* [Task goal]:
In the entries below, find the line with "text \<open>The tree" and the line with "ultimately obtain P2'". Return those two lines and all lines between them, exactly.

* [Task data]:

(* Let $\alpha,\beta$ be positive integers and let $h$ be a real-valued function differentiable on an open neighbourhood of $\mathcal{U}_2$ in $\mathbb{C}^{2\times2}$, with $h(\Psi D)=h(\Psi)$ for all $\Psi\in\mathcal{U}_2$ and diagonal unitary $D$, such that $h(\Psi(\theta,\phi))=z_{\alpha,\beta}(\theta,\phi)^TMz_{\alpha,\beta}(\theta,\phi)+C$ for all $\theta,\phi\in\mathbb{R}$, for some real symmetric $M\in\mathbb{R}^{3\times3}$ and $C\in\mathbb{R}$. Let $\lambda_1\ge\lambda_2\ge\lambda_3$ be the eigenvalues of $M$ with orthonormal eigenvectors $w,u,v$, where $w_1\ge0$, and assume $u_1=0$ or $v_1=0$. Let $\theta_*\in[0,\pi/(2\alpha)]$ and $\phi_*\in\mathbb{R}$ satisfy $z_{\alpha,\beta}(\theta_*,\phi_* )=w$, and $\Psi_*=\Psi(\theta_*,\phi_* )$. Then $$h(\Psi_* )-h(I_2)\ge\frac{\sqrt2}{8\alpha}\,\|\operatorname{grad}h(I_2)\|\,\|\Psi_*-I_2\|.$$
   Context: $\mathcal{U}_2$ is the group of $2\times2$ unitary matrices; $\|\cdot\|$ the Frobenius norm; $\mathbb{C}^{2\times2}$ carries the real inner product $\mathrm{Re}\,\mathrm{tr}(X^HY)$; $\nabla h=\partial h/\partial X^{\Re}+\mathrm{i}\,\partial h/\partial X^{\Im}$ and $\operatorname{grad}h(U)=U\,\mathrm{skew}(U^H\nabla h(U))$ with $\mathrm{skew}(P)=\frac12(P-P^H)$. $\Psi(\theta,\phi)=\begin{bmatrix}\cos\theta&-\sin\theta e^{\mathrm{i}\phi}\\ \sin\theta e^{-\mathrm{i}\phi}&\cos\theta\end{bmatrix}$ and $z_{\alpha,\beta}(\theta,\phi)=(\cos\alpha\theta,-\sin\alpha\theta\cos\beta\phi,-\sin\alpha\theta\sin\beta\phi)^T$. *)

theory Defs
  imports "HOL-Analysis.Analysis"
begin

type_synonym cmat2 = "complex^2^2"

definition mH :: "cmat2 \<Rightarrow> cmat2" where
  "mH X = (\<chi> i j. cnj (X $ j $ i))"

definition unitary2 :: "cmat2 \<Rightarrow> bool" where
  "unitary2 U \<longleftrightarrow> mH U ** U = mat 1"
==
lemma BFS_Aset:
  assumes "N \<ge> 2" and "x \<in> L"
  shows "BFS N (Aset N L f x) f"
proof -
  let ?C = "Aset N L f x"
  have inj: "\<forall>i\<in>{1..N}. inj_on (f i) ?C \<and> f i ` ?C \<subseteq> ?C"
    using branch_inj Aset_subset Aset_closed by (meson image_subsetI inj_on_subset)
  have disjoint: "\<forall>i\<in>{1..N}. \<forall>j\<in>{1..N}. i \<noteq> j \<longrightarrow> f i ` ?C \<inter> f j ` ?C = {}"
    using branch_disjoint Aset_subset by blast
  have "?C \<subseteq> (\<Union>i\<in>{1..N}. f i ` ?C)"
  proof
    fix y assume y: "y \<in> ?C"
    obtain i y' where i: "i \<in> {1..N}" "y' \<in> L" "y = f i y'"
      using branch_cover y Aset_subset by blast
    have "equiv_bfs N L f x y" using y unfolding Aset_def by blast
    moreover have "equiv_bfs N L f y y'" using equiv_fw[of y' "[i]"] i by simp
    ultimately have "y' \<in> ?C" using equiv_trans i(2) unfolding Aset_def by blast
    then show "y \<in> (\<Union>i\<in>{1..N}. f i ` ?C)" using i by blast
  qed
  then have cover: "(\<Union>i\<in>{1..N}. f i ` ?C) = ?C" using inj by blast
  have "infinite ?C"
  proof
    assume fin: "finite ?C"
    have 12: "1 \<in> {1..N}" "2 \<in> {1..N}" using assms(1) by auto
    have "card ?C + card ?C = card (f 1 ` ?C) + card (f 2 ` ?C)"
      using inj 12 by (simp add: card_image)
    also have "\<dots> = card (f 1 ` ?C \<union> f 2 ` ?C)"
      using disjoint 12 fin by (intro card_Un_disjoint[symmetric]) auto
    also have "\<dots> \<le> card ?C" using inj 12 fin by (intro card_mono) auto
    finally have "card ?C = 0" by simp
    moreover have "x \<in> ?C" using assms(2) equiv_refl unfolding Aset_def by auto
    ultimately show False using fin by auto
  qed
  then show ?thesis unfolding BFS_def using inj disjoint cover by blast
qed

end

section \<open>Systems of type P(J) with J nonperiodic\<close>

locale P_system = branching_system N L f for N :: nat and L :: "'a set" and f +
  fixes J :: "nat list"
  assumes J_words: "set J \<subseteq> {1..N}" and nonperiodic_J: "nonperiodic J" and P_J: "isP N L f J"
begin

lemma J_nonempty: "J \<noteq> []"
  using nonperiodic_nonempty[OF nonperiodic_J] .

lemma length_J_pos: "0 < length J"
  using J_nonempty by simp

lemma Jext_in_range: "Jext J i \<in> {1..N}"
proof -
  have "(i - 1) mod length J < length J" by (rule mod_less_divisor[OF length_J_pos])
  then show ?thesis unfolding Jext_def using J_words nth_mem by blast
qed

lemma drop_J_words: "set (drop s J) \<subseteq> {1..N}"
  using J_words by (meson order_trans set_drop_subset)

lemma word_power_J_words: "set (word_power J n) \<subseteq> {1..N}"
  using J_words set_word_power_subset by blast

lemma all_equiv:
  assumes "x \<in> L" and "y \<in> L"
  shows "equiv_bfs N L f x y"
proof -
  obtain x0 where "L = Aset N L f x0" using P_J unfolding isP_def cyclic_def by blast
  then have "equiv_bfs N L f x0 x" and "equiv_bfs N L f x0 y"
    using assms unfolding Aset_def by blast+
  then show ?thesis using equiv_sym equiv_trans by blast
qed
* * *
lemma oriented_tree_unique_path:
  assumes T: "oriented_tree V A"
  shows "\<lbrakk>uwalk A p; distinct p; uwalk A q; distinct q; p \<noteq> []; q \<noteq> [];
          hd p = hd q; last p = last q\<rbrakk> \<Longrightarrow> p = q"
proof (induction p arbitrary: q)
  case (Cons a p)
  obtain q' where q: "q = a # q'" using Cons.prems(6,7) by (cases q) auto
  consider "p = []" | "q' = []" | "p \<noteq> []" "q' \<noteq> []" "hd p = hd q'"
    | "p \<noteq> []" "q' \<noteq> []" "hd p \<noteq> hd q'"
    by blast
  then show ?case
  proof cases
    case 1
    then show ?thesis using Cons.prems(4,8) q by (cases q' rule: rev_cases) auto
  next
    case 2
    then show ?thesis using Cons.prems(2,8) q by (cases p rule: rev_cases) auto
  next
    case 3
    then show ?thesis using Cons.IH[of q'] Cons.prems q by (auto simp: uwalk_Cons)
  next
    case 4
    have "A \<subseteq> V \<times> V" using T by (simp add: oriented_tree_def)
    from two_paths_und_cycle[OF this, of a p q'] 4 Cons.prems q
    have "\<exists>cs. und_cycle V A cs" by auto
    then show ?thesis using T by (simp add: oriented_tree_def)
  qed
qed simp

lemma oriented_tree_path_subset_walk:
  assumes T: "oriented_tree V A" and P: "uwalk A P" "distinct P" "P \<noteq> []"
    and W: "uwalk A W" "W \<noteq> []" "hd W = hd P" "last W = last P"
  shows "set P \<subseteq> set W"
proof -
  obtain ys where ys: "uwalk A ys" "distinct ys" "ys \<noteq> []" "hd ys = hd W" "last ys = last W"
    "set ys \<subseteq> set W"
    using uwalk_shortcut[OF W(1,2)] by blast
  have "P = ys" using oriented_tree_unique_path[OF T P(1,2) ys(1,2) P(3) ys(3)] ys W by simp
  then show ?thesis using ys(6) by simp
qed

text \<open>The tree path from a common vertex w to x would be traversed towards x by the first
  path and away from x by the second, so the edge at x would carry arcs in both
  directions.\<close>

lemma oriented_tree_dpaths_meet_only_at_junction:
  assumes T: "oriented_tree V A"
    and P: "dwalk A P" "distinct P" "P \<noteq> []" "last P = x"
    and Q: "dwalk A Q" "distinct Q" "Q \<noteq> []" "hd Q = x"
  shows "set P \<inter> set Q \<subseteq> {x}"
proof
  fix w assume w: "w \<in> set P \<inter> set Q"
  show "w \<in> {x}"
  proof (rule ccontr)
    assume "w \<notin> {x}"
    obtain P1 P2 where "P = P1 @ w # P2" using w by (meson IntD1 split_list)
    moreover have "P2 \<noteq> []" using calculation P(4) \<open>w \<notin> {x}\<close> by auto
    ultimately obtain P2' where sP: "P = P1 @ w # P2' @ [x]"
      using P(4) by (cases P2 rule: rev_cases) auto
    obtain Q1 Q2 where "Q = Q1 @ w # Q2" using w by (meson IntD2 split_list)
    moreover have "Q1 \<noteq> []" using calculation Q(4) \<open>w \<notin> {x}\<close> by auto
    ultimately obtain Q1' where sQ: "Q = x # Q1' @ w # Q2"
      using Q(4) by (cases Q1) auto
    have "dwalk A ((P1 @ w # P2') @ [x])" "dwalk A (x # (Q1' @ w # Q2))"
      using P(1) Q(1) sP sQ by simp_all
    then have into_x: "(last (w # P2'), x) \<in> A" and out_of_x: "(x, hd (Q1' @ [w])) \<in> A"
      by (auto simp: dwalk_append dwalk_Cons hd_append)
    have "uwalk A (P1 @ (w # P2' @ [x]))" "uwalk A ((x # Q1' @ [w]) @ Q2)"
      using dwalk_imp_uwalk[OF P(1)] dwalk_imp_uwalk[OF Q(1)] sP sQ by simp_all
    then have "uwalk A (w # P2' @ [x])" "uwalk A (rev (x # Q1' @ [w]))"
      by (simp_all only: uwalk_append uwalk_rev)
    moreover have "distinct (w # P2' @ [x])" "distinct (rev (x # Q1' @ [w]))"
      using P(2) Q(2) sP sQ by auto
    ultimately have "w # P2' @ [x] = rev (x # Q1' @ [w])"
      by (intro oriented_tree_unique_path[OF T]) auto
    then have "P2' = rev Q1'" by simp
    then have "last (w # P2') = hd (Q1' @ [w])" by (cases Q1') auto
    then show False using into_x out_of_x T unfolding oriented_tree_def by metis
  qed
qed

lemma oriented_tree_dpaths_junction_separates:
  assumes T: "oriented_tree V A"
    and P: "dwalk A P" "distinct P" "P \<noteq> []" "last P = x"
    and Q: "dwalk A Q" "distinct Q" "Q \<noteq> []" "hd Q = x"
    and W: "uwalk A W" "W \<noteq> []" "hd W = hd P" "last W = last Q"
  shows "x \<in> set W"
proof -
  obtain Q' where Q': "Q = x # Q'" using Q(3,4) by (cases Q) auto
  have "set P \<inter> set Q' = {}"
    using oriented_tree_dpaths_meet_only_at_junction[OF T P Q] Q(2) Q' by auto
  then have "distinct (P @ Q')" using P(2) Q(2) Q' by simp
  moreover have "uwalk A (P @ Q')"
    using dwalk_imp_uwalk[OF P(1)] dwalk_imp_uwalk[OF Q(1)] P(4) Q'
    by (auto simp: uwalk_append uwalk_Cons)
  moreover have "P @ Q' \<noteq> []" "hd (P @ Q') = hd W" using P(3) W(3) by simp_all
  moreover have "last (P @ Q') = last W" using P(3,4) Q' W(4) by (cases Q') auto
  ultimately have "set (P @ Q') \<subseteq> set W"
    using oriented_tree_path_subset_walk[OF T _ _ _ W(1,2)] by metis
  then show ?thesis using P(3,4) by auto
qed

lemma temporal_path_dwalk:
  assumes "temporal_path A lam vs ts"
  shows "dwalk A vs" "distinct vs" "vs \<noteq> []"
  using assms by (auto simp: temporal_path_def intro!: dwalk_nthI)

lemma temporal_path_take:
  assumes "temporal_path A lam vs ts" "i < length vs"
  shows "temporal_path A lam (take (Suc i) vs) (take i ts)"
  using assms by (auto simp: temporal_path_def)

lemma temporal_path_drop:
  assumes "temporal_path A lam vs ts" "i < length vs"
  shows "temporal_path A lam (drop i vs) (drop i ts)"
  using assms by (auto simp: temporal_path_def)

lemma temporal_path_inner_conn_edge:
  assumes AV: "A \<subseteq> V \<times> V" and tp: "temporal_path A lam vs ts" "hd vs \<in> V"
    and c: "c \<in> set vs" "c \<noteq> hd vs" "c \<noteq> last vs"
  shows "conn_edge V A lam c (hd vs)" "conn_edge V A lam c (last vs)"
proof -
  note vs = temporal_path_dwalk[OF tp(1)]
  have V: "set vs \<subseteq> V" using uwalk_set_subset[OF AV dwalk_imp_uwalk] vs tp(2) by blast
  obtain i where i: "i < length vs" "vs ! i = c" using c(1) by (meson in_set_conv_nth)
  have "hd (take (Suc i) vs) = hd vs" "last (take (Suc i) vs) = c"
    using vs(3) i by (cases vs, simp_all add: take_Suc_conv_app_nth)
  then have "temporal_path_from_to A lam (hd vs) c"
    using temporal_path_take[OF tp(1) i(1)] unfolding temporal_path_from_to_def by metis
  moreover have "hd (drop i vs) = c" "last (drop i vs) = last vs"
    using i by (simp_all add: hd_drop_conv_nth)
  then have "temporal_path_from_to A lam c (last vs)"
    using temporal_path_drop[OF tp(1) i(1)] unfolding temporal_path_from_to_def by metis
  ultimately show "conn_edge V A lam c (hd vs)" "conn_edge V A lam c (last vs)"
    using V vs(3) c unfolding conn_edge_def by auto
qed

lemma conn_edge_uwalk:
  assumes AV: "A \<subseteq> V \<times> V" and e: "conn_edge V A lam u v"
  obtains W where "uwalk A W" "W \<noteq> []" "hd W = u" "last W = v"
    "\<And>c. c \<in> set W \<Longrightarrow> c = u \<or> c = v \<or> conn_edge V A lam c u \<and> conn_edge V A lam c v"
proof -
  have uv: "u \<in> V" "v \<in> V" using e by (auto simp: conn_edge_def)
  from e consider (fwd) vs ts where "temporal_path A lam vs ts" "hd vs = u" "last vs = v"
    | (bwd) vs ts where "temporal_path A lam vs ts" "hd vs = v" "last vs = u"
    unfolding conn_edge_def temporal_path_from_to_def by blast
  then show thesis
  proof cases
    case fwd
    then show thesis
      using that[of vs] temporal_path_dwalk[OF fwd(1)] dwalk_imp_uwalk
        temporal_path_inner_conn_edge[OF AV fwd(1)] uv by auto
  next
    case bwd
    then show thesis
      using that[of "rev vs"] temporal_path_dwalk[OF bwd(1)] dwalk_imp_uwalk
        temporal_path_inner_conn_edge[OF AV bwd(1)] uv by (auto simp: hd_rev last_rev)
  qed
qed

* [Answer for the task]:
text \<open>The tree path from a common vertex w to x would be traversed towards x by the first
  path and away from x by the second, so the edge at x would carry arcs in both
  directions.\<close>

lemma oriented_tree_dpaths_meet_only_at_junction:
  assumes T: "oriented_tree V A"
    and P: "dwalk A P" "distinct P" "P \<noteq> []" "last P = x"
    and Q: "dwalk A Q" "distinct Q" "Q \<noteq> []" "hd Q = x"
  shows "set P \<inter> set Q \<subseteq> {x}"
proof
  fix w assume w: "w \<in> set P \<inter> set Q"
  show "w \<in> {x}"
  proof (rule ccontr)
    assume "w \<notin> {x}"
    obtain P1 P2 where "P = P1 @ w # P2" using w by (meson IntD1 split_list)
    moreover have "P2 \<noteq> []" using calculation P(4) \<open>w \<notin> {x}\<close> by auto
    ultimately obtain P2' where sP: "P = P1 @ w # P2' @ [x]"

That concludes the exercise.